[Stored items]

______________________________

(* For every integer $i\ge 5$, $\overline{\alpha}(\{1,5,2i\})=\frac{i}{2i+5}$.
   Context: For a finite set $S$ of positive integers, the distance graph $G(S)$ has vertex set $\mathbb{Z}$, with $i,j$ adjacent iff $|i-j|\in S$. The density of $A\subseteq\mathbb{Z}$ is $\delta(A)=\limsup_{N\to\infty}\frac{|A\cap[-N,N]|}{2N+1}$, and the independence ratio $\overline{\alpha}(S)$ is the supremum of $\delta(A)$ over independent sets $A$ of $G(S)$. *)

theory Defs
  imports "HOL-Analysis.Analysis" "HOL-Library.Liminf_Limsup"
begin

definition dist_adj :: "nat set \<Rightarrow> int \<Rightarrow> int \<Rightarrow> bool" where
  "dist_adj S i j \<longleftrightarrow> nat \<bar>i - j\<bar> \<in> S \<and> i \<noteq> j"

definition dist_independent :: "nat set \<Rightarrow> int set \<Rightarrow> bool" where
  "dist_independent S A \<longleftrightarrow> (\<forall>i\<in>A. \<forall>j\<in>A. \<not> dist_adj S i j)"

definition upper_density :: "int set \<Rightarrow> ereal" where
  "upper_density A = limsup (\<lambda>N::nat. ereal (real (card (A \<inter> {- int N .. int N})) / real (2 * N + 1)))"

definition indep_ratio :: "nat set \<Rightarrow> ereal" where
  "indep_ratio S = (SUP A \<in> {A. dist_independent S A}. upper_density A)"

end

theory Submission
  imports Defs "HOL-Real_Asymp.Real_Asymp"
begin

text \<open>
  Upper bound: in any interval of length \<open>2i + 5\<close> an independent set has at most \<open>i\<close> points.
  Listing \<open>i + 1\<close> such points increasingly, consecutive gaps are at least 2, so the total excess
  of their span over \<open>2i\<close> is at most 4; the forbidden differences 5 and \<open>2i\<close> then force all of
  this excess into a few configurations at the two ends of the list, each of which produces a
  forbidden difference. Lower bound: the \<open>(2i + 5)\<close>-periodic set consisting of \<open>i\<close> points at
  spacing 2 followed by a gap of 7 is independent.
\<close>

locale chain_avoiding_1_5 =
  fixes a :: "nat \<Rightarrow> int" and n :: nat
  assumes gap_ge_2: "k < n \<Longrightarrow> 2 \<le> a (Suc k) - a k"
    and diff_ne_5: "j < l \<Longrightarrow> l \<le> n \<Longrightarrow> a l - a j \<noteq> 5"
begin

lemma diff_ge_2len: "j \<le> l \<Longrightarrow> l \<le> n \<Longrightarrow> 2 * int (l - j) \<le> a l - a j"
proof (induction l)
  case (Suc l)
  show ?case
  proof (cases "j = Suc l")
    case False
    with Suc have "j \<le> l" and "2 * int (l - j) \<le> a l - a j" by simp_all
    moreover have "2 \<le> a (Suc l) - a l" using gap_ge_2 Suc.prems by simp
    ultimately show ?thesis by (simp add: Suc_diff_le)
  qed simp
qed simp

text \<open>An excess of exactly 1 over a run of at least two gaps sits in a gap 3 next to a gap 2,
  which together span 5.\<close>
lemma diff_ne_2len_plus_1: "j + 2 \<le> l \<Longrightarrow> l \<le> n \<Longrightarrow> a l - a j \<noteq> 2 * int (l - j) + 1"
proof (induction "l - j" arbitrary: j rule: less_induct)
  case less
  show ?case
  proof
    assume eq: "a l - a j = 2 * int (l - j) + 1"
    show False
    proof (cases "l = j + 2")
      case True
      then show False using eq diff_ne_5[of j l] less.prems by simp
    next
      case False
      then have len: "int (l - j) = int (l - Suc j) + 1" and "Suc j + 2 \<le> l" using less.prems by auto
      have "2 * int (l - Suc j) \<le> a l - a (Suc j)" using diff_ge_2len[of "Suc j" l] less.prems by simp
      moreover have "2 \<le> a (Suc j) - a j" using gap_ge_2 less.prems by simp
      ultimately consider "a (Suc j) - a j = 2" | "a (Suc j) - a j = 3" using eq len by linarith
      then show False
      proof cases
        case 1
        then have "a l - a (Suc j) = 2 * int (l - Suc j) + 1" using eq len by linarith
        moreover have "l - Suc j < l - j" using less.prems by simp
        ultimately show False using less.hyps[of "Suc j"] \<open>Suc j + 2 \<le> l\<close> less.prems by simp
      next
        case 2
        have "2 * int (l - Suc (Suc j)) \<le> a l - a (Suc (Suc j))"
          using diff_ge_2len[of "Suc (Suc j)" l] less.prems by simp
        moreover have "2 \<le> a (Suc (Suc j)) - a (Suc j)" using gap_ge_2 less.prems by simp
        moreover have "int (l - j) = int (l - Suc (Suc j)) + 2" using less.prems by simp
        ultimately have "a (Suc (Suc j)) - a j = 5" using eq 2 by linarith
        then show False using diff_ne_5[of j "Suc (Suc j)"] less.prems by simp
      qed
    qed
  qed
qed

text \<open>
  An excess of 3 over a run flanked by gaps 2 cannot start with a gap 3 (difference 5 with the
  left flank), nor with a gap 4 (the rest of the run together with the right flank would carry
  excess 1), nor with a gap 5; a leading gap 2 is removed by induction.
\<close>
lemma diff_ne_2len_plus_3:
  "1 \<le> j \<Longrightarrow> j \<le> l \<Longrightarrow> l + 1 \<le> n \<Longrightarrow> a j - a (j - 1) = 2 \<Longrightarrow> a (l + 1) - a l = 2
    \<Longrightarrow> a l - a j \<noteq> 2 * int (l - j) + 3"
proof (induction "l - j" arbitrary: j rule: less_induct)
  case less
  show ?case
  proof
    assume eq: "a l - a j = 2 * int (l - j) + 3"
    then have "Suc j \<le> l" using less.prems by (cases "l = j") auto
    then have len: "int (l - j) = int (l - Suc j) + 1" by simp
    have "2 * int (l - Suc j) \<le> a l - a (Suc j)"
      using diff_ge_2len[of "Suc j" l] \<open>Suc j \<le> l\<close> less.prems by simp
    moreover have "2 \<le> a (Suc j) - a j" using gap_ge_2 \<open>Suc j \<le> l\<close> less.prems by simp
    ultimately consider "a (Suc j) - a j = 2" | "a (Suc j) - a j = 3"
      | "a (Suc j) - a j = 4" | "a (Suc j) - a j = 5"
      using eq len by linarith
    then show False
    proof cases
      case 1
      then have "a l - a (Suc j) = 2 * int (l - Suc j) + 3" using eq len by linarith
      moreover have "l - Suc j < l - j" using \<open>Suc j \<le> l\<close> by simp
      ultimately show False using less.hyps[of "Suc j"] \<open>Suc j \<le> l\<close> less.prems 1 by simp
    next
      case 2
      then have "a (Suc j) - a (j - 1) = 5" using less.prems by simp
      moreover have "j - 1 < Suc j" "Suc j \<le> n" using \<open>Suc j \<le> l\<close> less.prems by auto
      ultimately show False using diff_ne_5 by blast
    next
      case 3
      have "l \<noteq> Suc j" using eq 3 len by auto
      moreover have "a (l + 1) - a (Suc j) = 2 * int (l - j) + 1"
        using eq 3 less.prems(5) by linarith
      ultimately show False
        using diff_ne_2len_plus_1[of "Suc j" "l + 1"] \<open>Suc j \<le> l\<close> less.prems by simp
    next
      case 4
      then show False using diff_ne_5[of j "Suc j"] \<open>Suc j \<le> l\<close> less.prems by simp
    qed
  qed
qed
(* Let $g$ be an element of $A$ or of $B$ with $g\notin H$. Then there exists an integer $t_0>1$ such that for every positive integer $t$ divisible by $t_0$, $g\rho_t\notin H\rho_t$.
   Context: Fix integers $m,n>1$ and let $G_{mn}=\langle a,b;\ [a^m,b^n]=1\rangle$. Put $c=a^m$, $d=b^n$, $H=\langle c,d\rangle$ (free abelian with basis $c,d$), $A=\langle a,H\rangle$, $B=\langle b,H\rangle$. For an integer $t>1$ let $G_{mn}(t)=\langle a,b;\ [a^m,b^n]=1,\ a^{mt}=b^{nt}=1\rangle$ and let $\rho_t:G_{mn}\to G_{mn}(t)$ be the natural homomorphism. *)

theory Defs
  imports Main
begin

text \<open>Groups given by generators a, b and relators, modelled concretely:
  elements are words in a, b and their inverses; two words represent the same
  element iff they are related by the congruence generated by free
  cancellation and insertion/deletion of relators.\<close>

datatype gen = GA | GB

type_synonym letter = "gen \<times> bool"   (* (generator, inverted?) *)
type_synonym word = "letter list"

definition inv_letter :: "letter \<Rightarrow> letter" where
  "inv_letter x = (fst x, \<not> snd x)"

definition inv_word :: "word \<Rightarrow> word" where
  "inv_word w = rev (map inv_letter w)"

definition wa :: word where "wa = [(GA, False)]"
definition wb :: word where "wb = [(GB, False)]"

definition wpow :: "word \<Rightarrow> nat \<Rightarrow> word" where
  "wpow w k = concat (replicate k w)"

definition wcomm :: "word \<Rightarrow> word \<Rightarrow> word" where
  "wcomm u v = inv_word u @ inv_word v @ u @ v"

inductive word_eq :: "word set \<Rightarrow> word \<Rightarrow> word \<Rightarrow> bool" for R where
  refl: "word_eq R u u"
| sym: "word_eq R u v \<Longrightarrow> word_eq R v u"
| trans: "word_eq R u v \<Longrightarrow> word_eq R v w \<Longrightarrow> word_eq R u w"
| cancel: "word_eq R (u @ [x, inv_letter x] @ v) (u @ v)"
| relator: "r \<in> R \<Longrightarrow> word_eq R (u @ r @ v) (u @ v)"

definition in_subgroup :: "word set \<Rightarrow> word set \<Rightarrow> word \<Rightarrow> bool" where
  "in_subgroup R S w \<longleftrightarrow>
     (\<exists>ws. set ws \<subseteq> S \<union> inv_word ` S \<and> word_eq R w (concat ws))"

definition wc :: "nat \<Rightarrow> word" where "wc m = wpow wa m"
definition wd :: "nat \<Rightarrow> word" where "wd n = wpow wb n"

definition rels_G :: "nat \<Rightarrow> nat \<Rightarrow> word set" where
  "rels_G m n = {wcomm (wc m) (wd n)}"

definition rels_Gt :: "nat \<Rightarrow> nat \<Rightarrow> nat \<Rightarrow> word set" where
  "rels_Gt m n t = {wcomm (wc m) (wd n), wpow wa (m * t), wpow wb (n * t)}"

end

theory Submission
  imports Defs
begin

text \<open>
  By symmetry let g lie in A, which is generated by a and d because c = a^m. As c commutes with a
  and d, in G_mn we can write g = x h with h \<in> H and x = a^k_1 d^j_1 ... a^k_r, where 0 < k_i < m
  and j_i \<noteq> 0; x is nonempty as g \<notin> H. Once t exceeds every |j_i|, the group G_mn(t) acts on
  the left cosets of \<langle>b\<rangle> in the free product Z/m * Z/nt: a^m acts trivially, hence so do all
  relators. H fixes the trivial coset, while x moves it to the coset with reduced form
  a^k_1 b^(n j_1) ... a^k_r.
\<close>

lemma inv_letter_inv [simp]: "inv_letter (inv_letter x) = x"
  by (simp add: inv_letter_def)

lemma inv_word_Nil [simp]: "inv_word [] = []"
  by (simp add: inv_word_def)

lemma inv_word_Cons [simp]: "inv_word (x # u) = inv_word u @ [inv_letter x]"
  by (simp add: inv_word_def)

lemma inv_word_append [simp]: "inv_word (u @ v) = inv_word v @ inv_word u"
  by (simp add: inv_word_def)

lemma inv_word_inv_word [simp]: "inv_word (inv_word u) = u"
  by (induct u) auto

lemma wpow_0 [simp]: "wpow w 0 = []"
  by (simp add: wpow_def)

lemma wpow_one [simp]: "wpow w (Suc 0) = w"
  by (simp add: wpow_def)

lemma wpow_Suc: "wpow w (Suc k) = w @ wpow w k"
  by (simp add: wpow_def)

lemma wpow_Suc_right: "wpow w (Suc k) = wpow w k @ w"
  by (induct k) (auto simp: wpow_Suc)

lemma wpow_add: "wpow w (i + j) = wpow w i @ wpow w j"
  by (simp add: wpow_def replicate_add)

lemma wpow_mult: "wpow w (i * j) = wpow (wpow w i) j"
  by (induct j) (auto simp: wpow_Suc wpow_add)

lemma wpow_single [simp]: "wpow [x] k = replicate k x"
  by (induct k) (auto simp: wpow_Suc)

lemma inv_word_wpow: "inv_word (wpow w k) = wpow (inv_word w) k"
  by (induct k) (simp_all add: wpow_Suc flip: wpow_Suc_right)

declare word_eq.trans [trans]

lemma word_eq_append_cong: "word_eq R u v \<Longrightarrow> word_eq R (x @ u @ y) (x @ v @ y)"
proof (induct rule: word_eq.induct)
  case (cancel u a v)
  then show ?case using word_eq.cancel[of R "x @ u" a "v @ y"] by simp
next
  case (relator r u v)
  then show ?case using word_eq.relator[of r R "x @ u" "v @ y"] by simp
qed (auto intro: word_eq.intros)
(* Let $M$ and $N$ be objects of an abelian category $\mathcal{A}$, let $M'$ be a direct summand of $M$ and $N'$ a direct summand of $N$. (1) If $N$ is strongly $M$-Rickart, then $N'$ is strongly $M'$-Rickart. (2) If $N$ is dual strongly $M$-Rickart, then $N'$ is dual strongly $M'$-Rickart.
   Context: A morphism $f:X\to Y$ is a section if $f'f=1_X$ for some $f'$, a retraction if $ff'=1_Y$ for some $f'$. A monomorphism $k:K\to X$ is fully invariant if for every $h:X\to X$ there is $\alpha:K\to K$ with $hk=k\alpha$; an epimorphism $c:X\to C$ is fully coinvariant if for every $h:X\to X$ there is $\gamma:C\to C$ with $ch=\gamma c$. For objects $M,N$: $N$ is strongly $M$-Rickart if the kernel of every morphism $f:M\to N$ is a fully invariant section; $N$ is dual strongly $M$-Rickart if the cokernel of every morphism $f:M\to N$ is a fully coinvariant retraction. *)

theory Defs
  imports Main
begin

text \<open>A (small-or-large) category presented by an object set, an arrow set,
source/target maps, composition (cmp g f = g after f) and identities,
together with a preadditive structure on each hom-set.\<close>

record ('o, 'm) acat =
  Obj :: "'o set"
  Arr :: "'m set"
  src :: "'m \<Rightarrow> 'o"
  tgt :: "'m \<Rightarrow> 'o"
  cmp :: "'m \<Rightarrow> 'm \<Rightarrow> 'm"
  idm :: "'o \<Rightarrow> 'm"
  pls :: "'m \<Rightarrow> 'm \<Rightarrow> 'm"
  zro :: "'o \<Rightarrow> 'o \<Rightarrow> 'm"
  ngt :: "'m \<Rightarrow> 'm"

definition hom :: "('o, 'm) acat \<Rightarrow> 'o \<Rightarrow> 'o \<Rightarrow> 'm set" where
  "hom C a b = {f \<in> Arr C. src C f = a \<and> tgt C f = b}"

definition category :: "('o, 'm) acat \<Rightarrow> bool" where
  "category C \<longleftrightarrow>
     (\<forall>f \<in> Arr C. src C f \<in> Obj C \<and> tgt C f \<in> Obj C) \<and>
     (\<forall>a \<in> Obj C. idm C a \<in> hom C a a) \<and>
     (\<forall>a \<in> Obj C. \<forall>b \<in> Obj C. \<forall>c \<in> Obj C. \<forall>f \<in> hom C a b. \<forall>g \<in> hom C b c.
        cmp C g f \<in> hom C a c) \<and>
     (\<forall>a \<in> Obj C. \<forall>b \<in> Obj C. \<forall>c \<in> Obj C. \<forall>d \<in> Obj C.
        \<forall>f \<in> hom C a b. \<forall>g \<in> hom C b c. \<forall>h \<in> hom C c d.
        cmp C h (cmp C g f) = cmp C (cmp C h g) f) \<and>
     (\<forall>a \<in> Obj C. \<forall>b \<in> Obj C. \<forall>f \<in> hom C a b.
        cmp C f (idm C a) = f \<and> cmp C (idm C b) f = f)"

definition preadditive :: "('o, 'm) acat \<Rightarrow> bool" where
  "preadditive C \<longleftrightarrow> category C \<and>
     (\<forall>a \<in> Obj C. \<forall>b \<in> Obj C.
        zro C a b \<in> hom C a b \<and>
        (\<forall>f \<in> hom C a b. \<forall>g \<in> hom C a b. pls C f g \<in> hom C a b) \<and>
        (\<forall>f \<in> hom C a b. ngt C f \<in> hom C a b) \<and>
        (\<forall>f \<in> hom C a b. \<forall>g \<in> hom C a b. \<forall>h \<in> hom C a b.
           pls C (pls C f g) h = pls C f (pls C g h)) \<and>
        (\<forall>f \<in> hom C a b. \<forall>g \<in> hom C a b. pls C f g = pls C g f) \<and>
        (\<forall>f \<in> hom C a b. pls C f (zro C a b) = f) \<and>
        (\<forall>f \<in> hom C a b. pls C f (ngt C f) = zro C a b)) \<and>
     (\<forall>a \<in> Obj C. \<forall>b \<in> Obj C. \<forall>c \<in> Obj C.
        \<forall>f \<in> hom C a b. \<forall>g \<in> hom C a b. \<forall>h \<in> hom C b c.
          cmp C h (pls C f g) = pls C (cmp C h f) (cmp C h g)) \<and>
     (\<forall>a \<in> Obj C. \<forall>b \<in> Obj C. \<forall>c \<in> Obj C.
        \<forall>f \<in> hom C a b. \<forall>g \<in> hom C b c. \<forall>h \<in> hom C b c.
          cmp C (pls C g h) f = pls C (cmp C g f) (cmp C h f))"

definition mono :: "('o, 'm) acat \<Rightarrow> 'm \<Rightarrow> bool" where
  "mono C f \<longleftrightarrow> f \<in> Arr C \<and>
     (\<forall>x \<in> Obj C. \<forall>g \<in> hom C x (src C f). \<forall>h \<in> hom C x (src C f).
        cmp C f g = cmp C f h \<longrightarrow> g = h)"

definition epi :: "('o, 'm) acat \<Rightarrow> 'm \<Rightarrow> bool" where
  "epi C f \<longleftrightarrow> f \<in> Arr C \<and>
     (\<forall>x \<in> Obj C. \<forall>g \<in> hom C (tgt C f) x. \<forall>h \<in> hom C (tgt C f) x.
        cmp C g f = cmp C h f \<longrightarrow> g = h)"

definition is_kernel :: "('o, 'm) acat \<Rightarrow> 'm \<Rightarrow> 'm \<Rightarrow> bool" where
  "is_kernel C f k \<longleftrightarrow> f \<in> Arr C \<and> k \<in> Arr C \<and> tgt C k = src C f \<and>
     cmp C f k = zro C (src C k) (tgt C f) \<and>
     (\<forall>x \<in> Obj C. \<forall>g \<in> hom C x (src C f). cmp C f g = zro C x (tgt C f) \<longrightarrow>
        (\<exists>!u. u \<in> hom C x (src C k) \<and> cmp C k u = g))"

definition is_cokernel :: "('o, 'm) acat \<Rightarrow> 'm \<Rightarrow> 'm \<Rightarrow> bool" where
  "is_cokernel C f c \<longleftrightarrow> f \<in> Arr C \<and> c \<in> Arr C \<and> src C c = tgt C f \<and>
     cmp C c f = zro C (src C f) (tgt C c) \<and>
     (\<forall>x \<in> Obj C. \<forall>g \<in> hom C (tgt C f) x. cmp C g f = zro C (src C f) x \<longrightarrow>
        (\<exists>!u. u \<in> hom C (tgt C c) x \<and> cmp C u c = g))"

______________________________

The problem
Your response should be each line that includes the word "imports", copied from the records.

Exercise answer
  imports "HOL-Analysis.Analysis" "HOL-Library.Liminf_Limsup"
  imports Defs "HOL-Real_Asymp.Real_Asymp"
  imports Main
  imports Defs
  imports Main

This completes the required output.